On an analogous point, money paid on the reduction of the paid-up capital of shares in a corporation held by a shareholder can be paid either on the disposition of the shareholder’s shares, or without a disposition of the shares. The CRA takes that position that where the returned paid-up capital occurs without a disposition of the shares and the capital used in an ineligible use, the interest deduction on a borrowing used to acquire the shares is reduced accordingly. This position is consistent with the finding in Van Steenis.
In principle, the Van Steenis decision provides the appropriate result. If a taxpayer’s invested capital is effectively returned to the taxpayer, it should be irrelevant whether the original property reflecting that invested capital (i.e. the trust units in Van Steenis) is retained or disposed of by the taxpayer. However, as a legal matter, the issue is perhaps not quite as clear if there is no disposition of the original property.

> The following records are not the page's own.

lemma sbo_output_greedy:
  assumes E: "E \<subseteq> subfiles K sz" and out: "sbo_output K sz E P"
    and Q: "Q \<subseteq> E" "Q \<noteq> {}" "feasible_packet Q" and s: "\<forall>(k, A)\<in>Q. sz k A \<le> s"
  shows "real (card Q) * real (clique_size sz P) \<le> real (card P) * real s"
proof -
  have P: "P \<noteq> {}" "P \<subseteq> E"
    using sbo_output_clique[OF E out] by (auto simp: is_clique_def)
  have "fst ` Q \<subseteq> sbo_M K E"
  proof
    fix k assume "k \<in> fst ` Q"
    then obtain A where "(k, A) \<in> E" using Q(1) by force
    then show "k \<in> sbo_M K E" using E by (auto simp: sbo_M_def subfiles_def)
  qed
  then have "sbo_ratio sz E (fst ` Q) \<le> ereal (real (card P) / real (clique_size sz P))"
    using Q(2) by (intro sbo_output_ratio_max[OF E out]) auto
  with sbo_ratio_ge_packet[OF E Q s]
  have "ereal (real (card Q) / real s) \<le> ereal (real (card P) / real (clique_size sz P))"
    by (rule order_trans)
  then have ratio: "real (card Q) / real s \<le> real (card P) / real (clique_size sz P)"
    by simp
  obtain k A where kA: "(k, A) \<in> Q" using Q(2) by auto
  have "(k, A) \<in> subfiles K sz" using kA Q(1) E by blast
  then have "0 < sz k A" by (rule subfile_size_pos)
  also have "sz k A \<le> s" using s kA by auto
  finally have "0 < s" .
  have "0 < clique_size sz P" using clique_size_pos[OF order_trans[OF P(2) E] P(1)] .
  with ratio \<open>0 < s\<close> show ?thesis by (simp add: divide_le_eq le_divide_eq)
qed

lemma sbo_ratio_eq_0_if_L_empty:
  assumes "finite T" "j \<in> T" "sbo_L E j T = {}"
  shows "sbo_ratio sz E T = 0"
proof -
  have "sbo_Vsize sz E j T \<le> sbo_Rsize sz E T" using assms(1,2) by (rule sbo_Rsize_ge_Vsize)
  moreover have "sbo_Vsize sz E j T = \<infinity>" using assms(3) by (simp add: sbo_Vsize_def)
  ultimately have "sbo_Rsize sz E T = \<infinity>" by simp
  then show ?thesis by (simp add: sbo_ratio_def)
qed

lemma sbo_ratio_singleton_pos:
  assumes E: "E \<subseteq> subfiles K sz" and jA: "(j, A) \<in> E"
  shows "0 < sbo_ratio sz E {j}"
proof -
  have "sbo_L E j {j} \<noteq> {}" using jA by (auto simp: sbo_L_def)
  then have "sbo_Vsize sz E j {j} \<noteq> \<infinity>" by (simp add: sbo_Vsize_eq_infinity_iff)
  moreover have "1 \<le> sbo_Vsize sz E j {j}" using E by (rule sbo_Vsize_ge_1)
  ultimately obtain r where "sbo_Vsize sz E j {j} = ereal r" "1 \<le> r"
    by (cases "sbo_Vsize sz E j {j}") auto
  then show ?thesis by (simp add: sbo_ratio_def sbo_Rsize_def)
qed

On a final note, the Van Steenis reasoning should not apply to retained income of a trust for a taxation year that is capitalized and paid to a unitholder or beneficiary as “capital” in a subsequent taxation year. In such case, the receipt of the “capital” by the unitholder does not reflect the unitholder’s original capital invested in the trust, even though it does normally reduce the unitholder’s adjusted cost base in the units in the trust. This scenario is largely irrelevant for unitholders in most Canadian mutual fund trusts, as these trusts pay out their net income on an annual basis. However, the point may be relevant for investments in other non-personal trusts, including foreign commercial trusts, if the trusts do not distribute all of their income on an annual basis.

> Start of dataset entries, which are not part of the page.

text \<open>The RTT relation \<open>R\<^sub>0\<^sub>0\<^sub>'(x - y) T\<^sub>0(x) T\<^sub>0\<^sub>'(y) = T\<^sub>0\<^sub>'(y) T\<^sub>0(x) R\<^sub>0\<^sub>0\<^sub>'(x - y)\<close>, entrywise in
  the two auxiliary spaces; each added site is one application of the Yang-Baxter equation.\<close>
lemma mono_RTT:
  "(\<Sum>c\<in>UNIV. \<Sum>c'\<in>UNIV. Rmat g (x - y) a a' c c' * mat_mult n (mono g mu x n c b) (mono g mu y n c' b') s s')
 = (\<Sum>c\<in>UNIV. \<Sum>c'\<in>UNIV. mat_mult n (mono g mu y n a' c') (mono g mu x n a c) s s' * Rmat g (x - y) c c' b b')"
proof (induction n arbitrary: a a' b b' s s')
  case 0
  show ?case unfolding mat_mult_def basis_states_0 by (simp add: UNIV_bool Rmat_def)
next
  case (Suc n)
  show ?case
  proof (cases "length s = Suc n \<and> length s' = Suc n")
    case False
    then show ?thesis by (simp del: mono.simps add: mat_mult_mono_eq_0)
  next
    case True
    define m where "m = mu (Suc n)"
    define M where "M u c d v c' d' = mat_mult n (mono g mu u n c d) (mono g mu v n c' d') (butlast s) (butlast s')"
      for u c d v c' d'
    define RR where "RR u d b v d' b' = (\<Sum>z\<in>UNIV. Rmat g (u-m) d (last s) b z * Rmat g (v-m) d' z b' (last s'))"
      for u d b v d' b'
    have "(\<Sum>c\<in>UNIV. \<Sum>c'\<in>UNIV. Rmat g (x - y) a a' c c' * mat_mult (Suc n) (mono g mu x (Suc n) c b) (mono g mu y (Suc n) c' b') s s')
      = (\<Sum>d\<in>UNIV. \<Sum>d'\<in>UNIV. (\<Sum>c\<in>UNIV. \<Sum>c'\<in>UNIV. Rmat g (x - y) a a' c c' * M x c d y c' d') * RR x d b y d' b')"
      by (simp add: mat_mult_mono_Suc True M_def RR_def m_def UNIV_bool algebra_simps)
    also have "\<dots> = (\<Sum>c\<in>UNIV. \<Sum>c'\<in>UNIV. M y a' c' x a c * (\<Sum>d\<in>UNIV. \<Sum>d'\<in>UNIV. Rmat g (x - y) c c' d d' * RR x d b y d' b'))"
      unfolding M_def Suc.IH by (simp add: UNIV_bool algebra_simps)
    also have "\<dots> = (\<Sum>f\<in>UNIV. \<Sum>f'\<in>UNIV. (\<Sum>c\<in>UNIV. \<Sum>c'\<in>UNIV. M y a' c' x a c * RR y c' f' x c f) * Rmat g (x - y) f f' b b')"
      unfolding RR_def Rmat_Yang_Baxter by (simp add: UNIV_bool algebra_simps)
    also have "\<dots> = (\<Sum>c\<in>UNIV. \<Sum>c'\<in>UNIV. mat_mult (Suc n) (mono g mu y (Suc n) a' c') (mono g mu x (Suc n) a c) s s' * Rmat g (x - y) c c' b b')"
      by (simp add: mat_mult_mono_Suc True M_def RR_def m_def UNIV_bool algebra_simps)
    finally show ?thesis .
  qed
qed

lemma A_B_RTT:
  "wa g (x-y) * mat_mult n (Aop g mu n x) (Bop g mu n y) s s'
   = wb (x-y) * mat_mult n (Bop g mu n y) (Aop g mu n x) s s'
   + wc g (x-y) * mat_mult n (Aop g mu n y) (Bop g mu n x) s s'"
  using mono_RTT[of g x y False False n mu False True s s']
  by (simp add: Bop_def UNIV_bool Rmat_def algebra_simps)

lemma B_B_RTT:
  "wa g (x-y) * mat_mult n (Bop g mu n x) (Bop g mu n y) s s'
   = wa g (x-y) * mat_mult n (Bop g mu n y) (Bop g mu n x) s s'"
  using mono_RTT[of g x y False False n mu True True s s']
  by (simp add: Bop_def UNIV_bool Rmat_def algebra_simps)

lemma continuous_on_mono: "continuous_on UNIV (\<lambda>x. mono g mu x n a b s s')"
proof (induction n arbitrary: a b s s')
  case (Suc n)
  have Rmat: "continuous_on UNIV (\<lambda>x. Rmat g (x - m) a i b j)" for m a i b j
    by (cases a; cases i; cases b; cases j)
       (auto simp: Rmat_def wa_def wb_def wc_def intro!: continuous_intros)
  show ?case
  proof (cases "length s = Suc n \<and> length s' = Suc n")
    case True
    then show ?thesis by (simp del: mono.simps(1)) (intro continuous_intros Suc.IH Rmat)
  next
    case False
    then show ?thesis by (simp only: mono.simps if_False continuous_on_const)
  qed
qed simp

lemma continuous_on_mat_mult_mono:
  "continuous_on UNIV (\<lambda>x. mat_mult n (mono g mu (f x) n a b) (mono g mu (h x) n a' b') s s')"
  if "continuous_on UNIV f" "continuous_on UNIV h"
  unfolding mat_mult_def
  by (intro continuous_intros continuous_on_compose2[OF continuous_on_mono] that) auto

 Tennant v. The Queen, 96 DTC 6121 (SCC).
 In terms of loaned money, the attribution rules (e.g. subsection 74.1(1)) explicitly provide that income from the loaned money or property substituted therefore may be subject to attribution.
 Paragraph 10 of the Van Steenis decision.

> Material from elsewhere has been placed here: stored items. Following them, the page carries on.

lemma is_model_interp_prog_iff:
  assumes "is_interp J"
  shows "is_model (interp_prog J) N \<longleftrightarrow> is_interp N \<and> (\<forall>A. J A \<subseteq> N A)"
proof -
  have "rule_sat N (Rule None A [Tm (J A)]) \<longleftrightarrow> J A \<subseteq> N A" for A
    using assms by (simp add: rule_sat_def is_interp_def vapp_vprod_singleton_vone)
  then show ?thesis
    by (auto simp: is_model_iff_rule_sat interp_prog_def)
qed

lemma stable_modelI:
  "is_model (reduct P I) I \<Longrightarrow> (\<And>N A. is_model (reduct P I) N \<Longrightarrow> I A \<subseteq> N A) \<Longrightarrow>
   stable_model P I"
  by (simp add: stable_model_def least_model_def)

lemma stable_model_is_model: "stable_model P I \<Longrightarrow> is_model (reduct P I) I"
  by (simp add: stable_model_def least_model_def)

lemma stable_model_least: "stable_model P I \<Longrightarrow> is_model (reduct P I) N \<Longrightarrow> I A \<subseteq> N A"
  by (simp add: stable_model_def least_model_def)

lemma reduct_Un: "reduct (P \<union> Q) I = reduct P I \<union> reduct Q I"
  unfolding reduct_def by blast

lemma reduct_interp_prog: "reduct (interp_prog J) I = interp_prog J"
  unfolding reduct_def interp_prog_def by force

lemma reduct_interp_prog_Un: "reduct (interp_prog J \<union> P) K = interp_prog J \<union> reduct P K"
  by (simp add: reduct_Un reduct_interp_prog)

lemma reduct_cong:
  assumes "\<forall>r\<in>P. \<forall>A\<in>rule_atoms r. I A = J A"
  shows "reduct P I = reduct P J"
proof -
  have agree: "\<forall>A\<in>body_atoms b. I A = J A" if "r \<in> P" "b \<in> set (rbody r)" for r b
    using assms that body_atoms_subset_rule_atoms by blast
  have "map (reduce_elem I) (filter (\<lambda>b. \<not> is_naf b) (rbody r))
      = map (reduce_elem J) (filter (\<lambda>b. \<not> is_naf b) (rbody r))"
    and "(\<forall>b\<in>set (rbody r). is_naf b \<longrightarrow> bval I b \<noteq> vzero)
      \<longleftrightarrow> (\<forall>b\<in>set (rbody r). is_naf b \<longrightarrow> bval J b \<noteq> vzero)"
    if "r \<in> P" for r
    using reduce_elem_cong[OF agree[OF that]] bval_cong[OF agree[OF that]] by auto
  then show ?thesis
    unfolding reduct_def by (metis (no_types, lifting))
qed

lemma reduct_rule_origin:
  assumes "r' \<in> reduct P I"
  shows "\<exists>r\<in>P. rhead r' = rhead r \<and> rule_atoms r' \<subseteq> rule_atoms r"
proof -
  obtain r where "r \<in> P"
    and r': "r' = Rule (rlab r) (rhead r) (map (reduce_elem I) (filter (\<lambda>b. \<not> is_naf b) (rbody r)))"
    using assms unfolding reduct_def by blast
  moreover have "body_atoms (reduce_elem I b) = body_atoms b" for b
    by (cases b) auto
  then have "rule_atoms r' \<subseteq> rule_atoms r"
    using r' by (auto simp: rule_atoms_def)
  ultimately show ?thesis
    by auto
qed

lemma monotonic_reduct_query: "monotonic_query (reduct_query \<psi> t)"
  unfolding monotonic_query_def reduct_query_def by blast

lemma reduct_body_cases:
  assumes "r \<in> reduct P I" and "b \<in> set (rbody r)"
  obtains t where "b = Tm t" | \<psi> A where "b = Pos \<psi> A" and "monotonic_query \<psi>"
proof -
  obtain b\<^sub>0 where "b = reduce_elem I b\<^sub>0" and "\<not> is_naf b\<^sub>0"
    using assms unfolding reduct_def by auto
  then show ?thesis
    by (cases b\<^sub>0) (auto intro: that simp: monotonic_reduct_query)
qed

lemma bval_reduct_mono:
  assumes "r \<in> reduct P K" and "b \<in> set (rbody r)"
    and "\<And>\<psi> A. monotonic_query \<psi> \<Longrightarrow> A \<in> body_atoms b \<Longrightarrow> qval M \<psi> A \<subseteq> qval N \<psi> A"
  shows "bval M b \<subseteq> bval N b"
proof (cases rule: reduct_body_cases[OF assms(1,2)])
  case (2 \<psi> A)
  then show ?thesis
    using assms(3)[of \<psi> A] by simp
qed simp

lemma qval_mono_maxle:
  assumes "monotonic_query \<psi>" and "is_value (I A)" and "is_value (N A)"
    and "\<And>G. maxle G (I A) \<Longrightarrow> \<exists>G'. maxle G' (N A) \<and> G \<subseteq> G'"
  shows "qval I \<psi> A \<subseteq> qval N \<psi> A"
proof
  fix h assume "h \<in> qval I \<psi> A"
  then obtain G where G: "h \<in> G" "maxle G (I A)" "\<psi> G (I A)"
    unfolding qval_def vsum_def by blast
  then obtain G' where G': "maxle G' (N A)" "G \<subseteq> G'"
    using assms(4) by blast
  have "is_cvalue G" and "is_cvalue G'"
    using G(2) G'(1) by (simp_all add: maxle_def)
  then have "\<psi> G' (N A)"
    using assms(1-3) G(3) G'(2) unfolding monotonic_query_def by blast
  then show "h \<in> qval N \<psi> A"
    using G G' unfolding qval_def vsum_def by blast
qed

definition minimal_graph :: "'l val \<Rightarrow> 'l graph \<Rightarrow> bool" where
  "minimal_graph W m \<longleftrightarrow> m \<in> W \<and> (\<forall>h\<in>W. h \<subseteq> m \<longrightarrow> h = m)"

definition unfounded :: "'l val \<Rightarrow> 'l val" where
  "unfounded W = {h. causal_graph h \<and> (\<exists>g\<in>W. g \<subseteq> h \<and> (\<forall>m. minimal_graph W m \<longrightarrow> \<not> m \<subseteq> g))}"

lemma unfounded_upward:
  assumes "G \<in> unfounded W" and "causal_graph H" and "G \<subseteq> H"
  shows "H \<in> unfounded W"
proof -
  obtain g where "g \<in> W" "g \<subseteq> G" "\<forall>m. minimal_graph W m \<longrightarrow> \<not> m \<subseteq> g"
    using assms(1) unfolding unfounded_def by blast
  then show ?thesis
    using assms(2,3) unfolding unfounded_def by (blast intro: order_trans)
qed

lemma is_value_Un_unfounded: "is_value V \<Longrightarrow> is_value (V \<union> unfounded W)"
  using unfounded_upward unfolding is_value_def by (auto simp: unfounded_def)

lemma unfounded_descends:
  assumes W: "is_value W" and g: "g \<in> unfounded W"
  shows "\<exists>h. causal_graph h \<and> h \<subset> g \<and> up h \<subseteq> unfounded W"
proof -
  obtain g\<^sub>0 where g\<^sub>0: "g\<^sub>0 \<in> W" "g\<^sub>0 \<subseteq> g" "\<forall>m. minimal_graph W m \<longrightarrow> \<not> m \<subseteq> g\<^sub>0"
    using g unfolding unfounded_def by blast
  then have "\<not> minimal_graph W g\<^sub>0" by blast
  then obtain h where h: "h \<in> W" "h \<subset> g\<^sub>0"
    using g\<^sub>0(1) unfolding minimal_graph_def by blast
  have "\<forall>m. minimal_graph W m \<longrightarrow> \<not> m \<subseteq> h"
    using g\<^sub>0(3) h(2) by (meson order_trans less_imp_le)
  then have "up h \<subseteq> unfounded W"
    using h(1) by (auto simp: up_def unfounded_def)
  moreover have "h \<subset> g"
    using h(2) g\<^sub>0(2) by (rule psubset_subset_trans)
  ultimately show ?thesis
    using h(1) is_value_causal_graph[OF W] by blast
qed

lemma maxle_up_minimal_graph:
  assumes W: "is_value W" and m: "minimal_graph W m"
  shows "maxle (up m) W"
proof -
  have cm: "causal_graph m" and mW: "m \<in> W"
    using m is_value_causal_graph[OF W] by (auto simp: minimal_graph_def)
  have "\<not> up m \<subset> up g" if "causal_graph g" "up g \<subseteq> W" for g
  proof
    assume "up m \<subset> up g"
    then have "g \<subseteq> m" and "g \<noteq> m"
      using up_subset_up_iff[OF cm] by auto
    moreover have "g \<in> W"
      using up_subset_value_iff[OF that(1) W] that(2) by simp
    ultimately show False
      using m unfolding minimal_graph_def by blast
  qed
  moreover have "up m \<subseteq> W"
    using up_subset_value_iff[OF cm W] mW by simp
  ultimately show ?thesis
    using cm unfolding maxle_def is_cvalue_def by blast
qed

text \<open>A maximal cause cannot be generated inside the unfounded part, which always contains a
  strictly larger cause; so its generator lies in \<open>V\<close> above a minimal graph of \<open>W\<close>.\<close>

lemma maxle_Un_unfounded:
  assumes V: "is_value V" and W: "is_value W" and "V \<subseteq> W"
    and max: "maxle G (V \<union> unfounded W)"
  shows "maxle G V" and "\<exists>G'. maxle G' W \<and> G \<subseteq> G'"
proof -
  obtain g where g: "causal_graph g" "G = up g" "g \<in> V \<union> unfounded W"
    using maxle_up[OF max] by blast
  have "g \<notin> unfounded W"
  proof
    assume "g \<in> unfounded W"
    then obtain h where h: "causal_graph h" "h \<subset> g" "up h \<subseteq> unfounded W"
      using unfounded_descends[OF W] by blast
    have "up g \<subseteq> up h" and "\<not> up h \<subseteq> up g"
      using up_subset_up_iff[OF g(1)] up_subset_up_iff[OF h(1)] h(2) by auto
    moreover have "is_cvalue (up h)"
      using h(1) by (auto simp: is_cvalue_def)
    ultimately show False
      using h(3) max g(2) unfolding maxle_def by blast
  qed
  then have gV: "g \<in> V" using g(3) by blast
  then show "maxle G V"
    using max g up_subset_value_iff[OF g(1) V] unfolding maxle_def by blast
  obtain m where m: "minimal_graph W m" "m \<subseteq> g"
    using \<open>g \<notin> unfounded W\<close> gV \<open>V \<subseteq> W\<close> g(1) unfolding unfounded_def by blast
  then have "maxle (up m) W" and "G \<subseteq> up m"
    using maxle_up_minimal_graph[OF W] g(2) by (auto simp: up_def)
  then show "\<exists>G'. maxle G' W \<and> G \<subseteq> G'" by blast
qed

locale program_split =
  fixes Pb Pt :: "('a, 'l) program"
  assumes top_heads_not_in_bottom: "\<forall>r\<in>Pt. \<forall>s\<in>Pb. rhead r \<notin> rule_atoms s"
begin

definition bottom_atoms :: "'a set" where
  "bottom_atoms = \<Union> (rule_atoms ` Pb)"

lemma rule_atoms_reduct_bottom: "r \<in> reduct Pb K \<Longrightarrow> rule_atoms r \<subseteq> bottom_atoms"
  using reduct_rule_origin unfolding bottom_atoms_def by blast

 Paragraphs (d) and (h) in “disposition”, subsection 248(1).
 Subsection 84(4) or (4.1) applies where there is no disposition of the shares.
 Income Tax Folio S3-F6-C1, “Interest Deductibility”, paragraph 1.40.
 If a court were to hold contrary to the Van Steenis rationale, the holding might open some floodgates. For example, if Van Steenis is wrong, it might be argued that the withdrawal of a partner’s capital in respect of a partnership interest acquired with borrowed money should not affect the interest deduction in respect of the borrowing, as long as withdrawal does not result in a disposition of the partner’s interest. This type of argument would be difficult to reconcile with decisions dealing with the converse case, namely, where partnership capital is withdrawn without a disposition of the partnership interest and borrowed money is used to replace the withdrawn capital; see Singleton v. The Queen, 2001 DTC 5533 (SCC). One might then consider whether there is a meaningful legal distinction between property rights attaching to units held in a trust and property rights attaching to an interest in a partnership.
 Subparagraph 53(2)(h)(i.1).
 In this regard, certain foreign commercial trusts are exempt from the non-resident trust rules of section 94, and if so, the retained income of the trusts is not subject to annual taxation in Canada; see paragraph (h) in “exempt foreign trust”, subsection 94(1).